Please take as info only...

"Doughnuts" can also be a byproduct of a case' " wildcatting " process, when then parent brass is necked-down from the original calibre... to a smaller final calibre. The doughnut situation can be exacerbated when the wildcat case forming process also includes a downward " shoulder shove " on the brass.


With regards,
357Mag
 
when I seat the bullet I have to seat long enough to stay away from the donut, right ?
 
I think that some of us need some review on how doughnuts form. When a FL die squeezes the body of a fired case and we set the die to push the shoulder back the brass has to go somewhere....so a tiny bit of the brass that was at the top of the shoulder is pushed into the base of the neck, thickening it. This thickening is called a doughnut. The best way to avoid problems with doughnuts is to have a chamber design such that bullets' "shanks" (the full caliber part) do not make contact with the doughnut, or to shoot bullets that have a profile that has the same result. If your die barely reduces the body diameter of a tight case, and you set it to minimally push back the shoulder, doughnut formation will happen at its slowest rate. Conversely if you have a factory chamber that lets the case expand to something near SAAMI maximum, are using a die that is designed to produce SAAMI minimum for ammunition, and bump shoulders back more than is necessary, that will speed doughnut formation, and greatly increase case lengthening per sizing and require more frequent trimming to length. None of this is conjecture. I have had good measuring tools for a long time.
 
When I shot BR with the 6mmPPC every case was neck turned to thin the brass prior to forming from a 220 Russian case. Even after that you would still have a doughnut form at the neck shoulder junction. We used to internal reamer to ream them out. With a tool made for that purpose, hand use only no power tools. Brass flows from the case body outward and forms the dreaded doughnut. Wildcats are more susceptible to this. I've never had an issue using bushing dies on other cartridges! I shot the 308 WIn for several years only using bushing FL dies. Loaded thousands of them at higher than "book" levels and never had a doughnut form.

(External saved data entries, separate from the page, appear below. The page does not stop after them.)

(* There exists a Lipschitz function $f:[-1,1]\to\mathbb{R}$ (i.e. $|f(x)-f(y)|\le \kappa|x-y|$ for some constant $\kappa$ and all $x,y\in[-1,1]$) such that \[ \limsup_{n\to\infty}\frac{n}{\log n}\,\|B_n(f)-f\|_\infty>0, \] where $\|g\|_\infty=\sup_{x\in[-1,1]}|g(x)|$.
   Context: For $n\ge 1$ the equally spaced nodes are $x_{k,n}:=2k/n-1$, $k=0,\dots,n$. Berrut's barycentric interpolant of $f:[-1,1]\to\mathbb{R}$ is \[ B_n(f,x):=\frac{N_n(f,x)}{D_n(x)}\ \text{ for } x\notin\{x_{0,n},\dots,x_{n,n}\},\qquad B_n(f,x_{k,n}):=f(x_{k,n}), \] where $N_n(f,x)=\sum_{k=0}^n(-1)^k\frac{f(x_{k,n})}{x-x_{k,n}}$ and $D_n(x)=\sum_{k=0}^n(-1)^k\frac{1}{x-x_{k,n}}$. $B_n(f)$ denotes the function $x\mapsto B_n(f,x)$ on $[-1,1]$. *)

theory Defs
  imports "HOL-Analysis.Analysis"
begin

definition node :: "nat \<Rightarrow> nat \<Rightarrow> real" where
  "node n k = 2 * real k / real n - 1"

definition berrut_num :: "nat \<Rightarrow> (real \<Rightarrow> real) \<Rightarrow> real \<Rightarrow> real" where
  "berrut_num n f x = (\<Sum>k=0..n. (-1)^k * f (node n k) / (x - node n k))"

definition berrut_den :: "nat \<Rightarrow> real \<Rightarrow> real" where
  "berrut_den n x = (\<Sum>k=0..n. (-1)^k / (x - node n k))"

definition berrut :: "nat \<Rightarrow> (real \<Rightarrow> real) \<Rightarrow> real \<Rightarrow> real" where
  "berrut n f x =
     (if \<exists>k\<le>n. x = node n k then f x
      else berrut_num n f x / berrut_den n x)"

definition sup_norm :: "(real \<Rightarrow> real) \<Rightarrow> real" where
  "sup_norm g = (SUP x\<in>{-1..1}. \<bar>g x\<bar>)"

end

(*
  Bump m is a cosine wave of amplitude 2/(pi n), n = level m, supported between consecutive
  midpoints of the degree-n nodes; at the K - 1 nodes it covers (K = bump_K m) it takes the values
  (-1)^k 2/(pi n), in phase with Berrut's weights (-1)^k. At the probe point x just right of the bump,
  where f = sum of all bumps vanishes, the bump's contribution to the numerator N_n(f, x) is the
  harmonic-type sum (2/pi) sum 1/(2i+1) ~ (ln K)/pi, while every other bump vanishes near x and, by
  summation by parts, contributes O(4^m) independently of n. Since |D_n(x)| <= 2n at a midpoint,
  |B_n(f, x) - f(x)| >~ ln K / n, and the bumps are so steep (ln K ~ ln n >> 4^m) that
  n / ln n * |B_n(f) - f| stays bounded below along n = level m. The bumps have disjoint supports
  accumulating at -1 and are 1-Lipschitz with zeros at their ends, so f is 1-Lipschitz.
*)
theory Submission
  imports Defs "HOL-Analysis.Harmonic_Numbers"
begin

section \<open>Alternating and harmonic sums\<close>

lemma alternating_sum_bounds:
  fixes a :: "nat \<Rightarrow> real"
  assumes "\<And>i. 0 \<le> a i" "\<And>i. a (Suc i) \<le> a i"
  shows "0 \<le> (\<Sum>i<m. (-1)^i * a i) \<and> (\<Sum>i<m. (-1)^i * a i) \<le> a 0"
  using assms
proof (induction m arbitrary: a)
  case 0
  then show ?case by simp
next
  case (Suc m)
  have IH: "0 \<le> (\<Sum>i<m. (-1)^i * a (Suc i)) \<and> (\<Sum>i<m. (-1)^i * a (Suc i)) \<le> a (Suc 0)"
    using Suc.IH[of "\<lambda>i. a (Suc i)"] Suc.prems by simp
  have "(\<Sum>i<Suc m. (-1)^i * a i) = a 0 - (\<Sum>i<m. (-1)^i * a (Suc i))"
    by (subst sum.lessThan_Suc_shift) (simp add: sum_negf)
  then show ?case using IH Suc.prems(2)[of 0] by linarith
qed

lemma alternating_reciprocal_sum_bounds:
  fixes d h :: real
  assumes d: "0 < d" "d \<le> h" and L: "0 < L"
  shows "1 / (2 * d) \<le> (\<Sum>i<L. (-1)^i / (d + i * h))"
    and "(\<Sum>i<L. (-1)^i / (d + i * h)) \<le> 1 / d"
proof -
  define a where "a i = 1 / (d + Suc i * h)" for i
  have a_nonneg: "0 \<le> a i" for i
    using d by (simp add: a_def)
  have a_decr: "a (Suc i) \<le> a i" for i
    using d unfolding a_def
    by (intro divide_left_mono mult_pos_pos add_pos_nonneg) (auto simp: algebra_simps)
  obtain p where p: "L = Suc p" using L gr0_implies_Suc by blast
  have "(\<Sum>i<L. (-1)^i / (d + i * h)) = 1 / d - (\<Sum>i<p. (-1)^i * a i)"
    unfolding p a_def by (subst sum.lessThan_Suc_shift) (simp add: sum_negf)
  moreover have "a 0 \<le> 1 / (2 * d)"
    using d unfolding a_def by (intro divide_left_mono) auto
  ultimately show "1 / (2 * d) \<le> (\<Sum>i<L. (-1)^i / (d + i * h))"
    and "(\<Sum>i<L. (-1)^i / (d + i * h)) \<le> 1 / d"
    using alternating_sum_bounds[of a p, OF a_nonneg a_decr] by auto
qed

lemma abs_alternating_sum_le_variation:
  fixes a :: "nat \<Rightarrow> real"
  shows "\<bar>\<Sum>k<Suc n. (-1)^k * a k\<bar> \<le> \<bar>a n\<bar> + (\<Sum>k<n. \<bar>a (Suc k) - a k\<bar>)"
proof (induction n arbitrary: a rule: less_induct)
  case (less n)
  consider "n = 0" | "n = 1" | q where "n = Suc (Suc q)"
    by (metis One_nat_def not0_implies_Suc)
  then show ?case
  proof cases
    case 3
    have IH: "\<bar>\<Sum>k<Suc q. (-1)^k * a (Suc (Suc k))\<bar>
        \<le> \<bar>a n\<bar> + (\<Sum>k<q. \<bar>a (Suc (Suc (Suc k))) - a (Suc (Suc k))\<bar>)"
      using less.IH[of q "\<lambda>k. a (Suc (Suc k))"] 3 by simp
    have "(\<Sum>k<Suc n. (-1)^k * a k) = (a 0 - a 1) + (\<Sum>k<Suc q. (-1)^k * a (Suc (Suc k)))"
      using 3 by (simp only: sum.lessThan_Suc_shift) simp
    moreover have "(\<Sum>k<n. \<bar>a (Suc k) - a k\<bar>)
        = \<bar>a 1 - a 0\<bar> + \<bar>a 2 - a 1\<bar> + (\<Sum>k<q. \<bar>a (Suc (Suc (Suc k))) - a (Suc (Suc k))\<bar>)"
      using 3 by (simp only: sum.lessThan_Suc_shift) (simp add: numeral_2_eq_2)
    ultimately show ?thesis using IH by linarith
  qed simp_all
qed

lemma ln_le_3_sum_odd_reciprocals:
  assumes "1 \<le> K"
  shows "ln K / 3 \<le> (\<Sum>i=1..K-1. 1 / (2 * real i + 1))"
proof -
  have "ln K = ln (real (K - 1) + 1)" using assms by (simp add: of_nat_diff)
  also have "\<dots> \<le> harm (K - 1)" by (rule ln_le_harm)
  also have "\<dots> = (\<Sum>i=1..K-1. 1 / real i)" by (simp add: harm_def inverse_eq_divide)
  finally have "ln K / 3 \<le> (\<Sum>i=1..K-1. 1 / real i) / 3" by simp
  also have "\<dots> = (\<Sum>i=1..K-1. 1 / (3 * real i))" by (simp add: sum_divide_distrib mult.commute)
  also have "\<dots> \<le> (\<Sum>i=1..K-1. 1 / (2 * real i + 1))"
    by (intro sum_mono divide_left_mono) auto
  finally show ?thesis .
qed

section \<open>The Berrut denominator\<close>

lemma node_add: "0 < n \<Longrightarrow> node n (k + i) = node n k + i * (2 / n)"
  by (simp add: node_def field_simps)

lemma node_Suc: "0 < n \<Longrightarrow> node n (Suc k) = node n k + 2 / n"
  using node_add[of n k 1] by simp

lemma node_mono: "0 < n \<Longrightarrow> k \<le> k' \<Longrightarrow> node n k \<le> node n k'"
  by (simp add: node_def divide_right_mono)

lemma node_self: "0 < n \<Longrightarrow> node n n = 1"
  by (simp add: node_def)

lemma berrut_den_split:
  assumes n: "0 < n" and j: "j < n"
  shows "berrut_den n x = (-1)^j * ((\<Sum>i<Suc j. (-1)^i / ((x - node n j) + i * (2 / n)))
                                   + (\<Sum>i<n - j. (-1)^i / ((node n (Suc j) - x) + i * (2 / n))))"
proof -
  have "{0..n} = {0..j} \<union> {Suc j..n}" using j by auto
  then have "berrut_den n x = (\<Sum>k=0..j. (-1)^k / (x - node n k)) + (\<Sum>k=Suc j..n. (-1)^k / (x - node n k))"
    unfolding berrut_den_def by (simp add: sum.union_disjoint)
  also have "(\<Sum>k=0..j. (-1)^k / (x - node n k)) = (\<Sum>i<Suc j. (-1)^(j - i) / (x - node n (j - i)))"
    by (rule sum.reindex_bij_witness[where i="\<lambda>i. j - i" and j="\<lambda>k. j - k"]) auto
  also have "\<dots> = (-1)^j * (\<Sum>i<Suc j. (-1)^i / ((x - node n j) + i * (2 / n)))"
    unfolding sum_distrib_left
  proof (rule sum.cong[OF refl])
    fix i assume "i \<in> {..<Suc j}"
    then have "node n j = node n (j - i) + i * (2 / n)" and "(-1::real)^j = (-1)^(j - i) * (-1)^i"
      using node_add[OF n, of "j - i" i] by (simp_all flip: power_add)
    then show "(-1)^(j - i) / (x - node n (j - i)) = (-1)^j * ((-1)^i / ((x - node n j) + i * (2 / n)))"
      by (simp add: algebra_simps)
  qed
  also have "(\<Sum>k=Suc j..n. (-1)^k / (x - node n k)) = (\<Sum>i<n - j. (-1)^(Suc j + i) / (x - node n (Suc j + i)))"
    by (rule sum.reindex_bij_witness[where i="\<lambda>i. Suc j + i" and j="\<lambda>k. k - Suc j"]) auto
  also have "\<dots> = (-1)^j * (\<Sum>i<n - j. (-1)^i / ((node n (Suc j) - x) + i * (2 / n)))"
    unfolding sum_distrib_left
  proof (rule sum.cong[OF refl])
    fix i
    have e: "(node n (Suc j) - x) + i * (2 / n) = - (x - node n (Suc j + i))"
      using node_add[OF n, of "Suc j" i] by simp
    show "(-1)^(Suc j + i) / (x - node n (Suc j + i)) = (-1)^j * ((-1)^i / ((node n (Suc j) - x) + i * (2 / n)))"
      unfolding e by (simp add: power_add minus_divide_right)
  qed
  finally show ?thesis by (simp add: distrib_left)
qed

lemma berrut_den_bounds:
  assumes n: "0 < n" and j: "j < n" and x: "node n j < x" "x < node n (Suc j)"
  shows "max (1 / (2 * (x - node n j))) (1 / (2 * (node n (Suc j) - x))) \<le> \<bar>berrut_den n x\<bar>"
    and "\<bar>berrut_den n x\<bar> \<le> 1 / (x - node n j) + 1 / (node n (Suc j) - x)"
proof -
  define l r where "l = x - node n j" and "r = node n (Suc j) - x"
  define A where "A = (\<Sum>i<Suc j. (-1)^i / (l + i * (2 / n)))"
  define B where "B = (\<Sum>i<n - j. (-1)^i / (r + i * (2 / n)))"
  have lr: "0 < l" "0 < r" "l \<le> 2 / n" "r \<le> 2 / n"
    using x node_Suc[OF n, of j] by (auto simp: l_def r_def)
  note A_bounds = alternating_reciprocal_sum_bounds[of l "2 / n" "Suc j", folded A_def]
  note B_bounds = alternating_reciprocal_sum_bounds[of r "2 / n" "n - j", folded B_def]
  have "0 < 1 / (2 * l)" "0 < 1 / (2 * r)"
    using lr by auto
  moreover have "berrut_den n x = (-1)^j * (A + B)"
    unfolding A_def B_def l_def r_def by (rule berrut_den_split[OF n j])
  ultimately have "\<bar>berrut_den n x\<bar> = A + B"
    using A_bounds B_bounds lr j by (simp add: abs_mult)
  then show "max (1 / (2 * l)) (1 / (2 * r)) \<le> \<bar>berrut_den n x\<bar>"
    and "\<bar>berrut_den n x\<bar> \<le> 1 / l + 1 / r"
    using A_bounds B_bounds lr j \<open>0 < 1 / (2 * l)\<close> \<open>0 < 1 / (2 * r)\<close> by auto
qed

Same with the 223 Rem.
 
So ONE way you could tell if you have a doughnut is seat your bullet or mandrel deep into the neck and measure od at the top of the neck and the od at the shoulder junction. ?
 
Just seat above the donut and your ok.
The negative is you cant use a mandrel to open up the neck after sizing or you push the donut to the outside and interfere with chambering unless you dont go very deep.
You just need to work around them and your ok…
 
I use an arbor die to push the donut to the outside, then if I feel the need, I will touch up the neck with my cutter.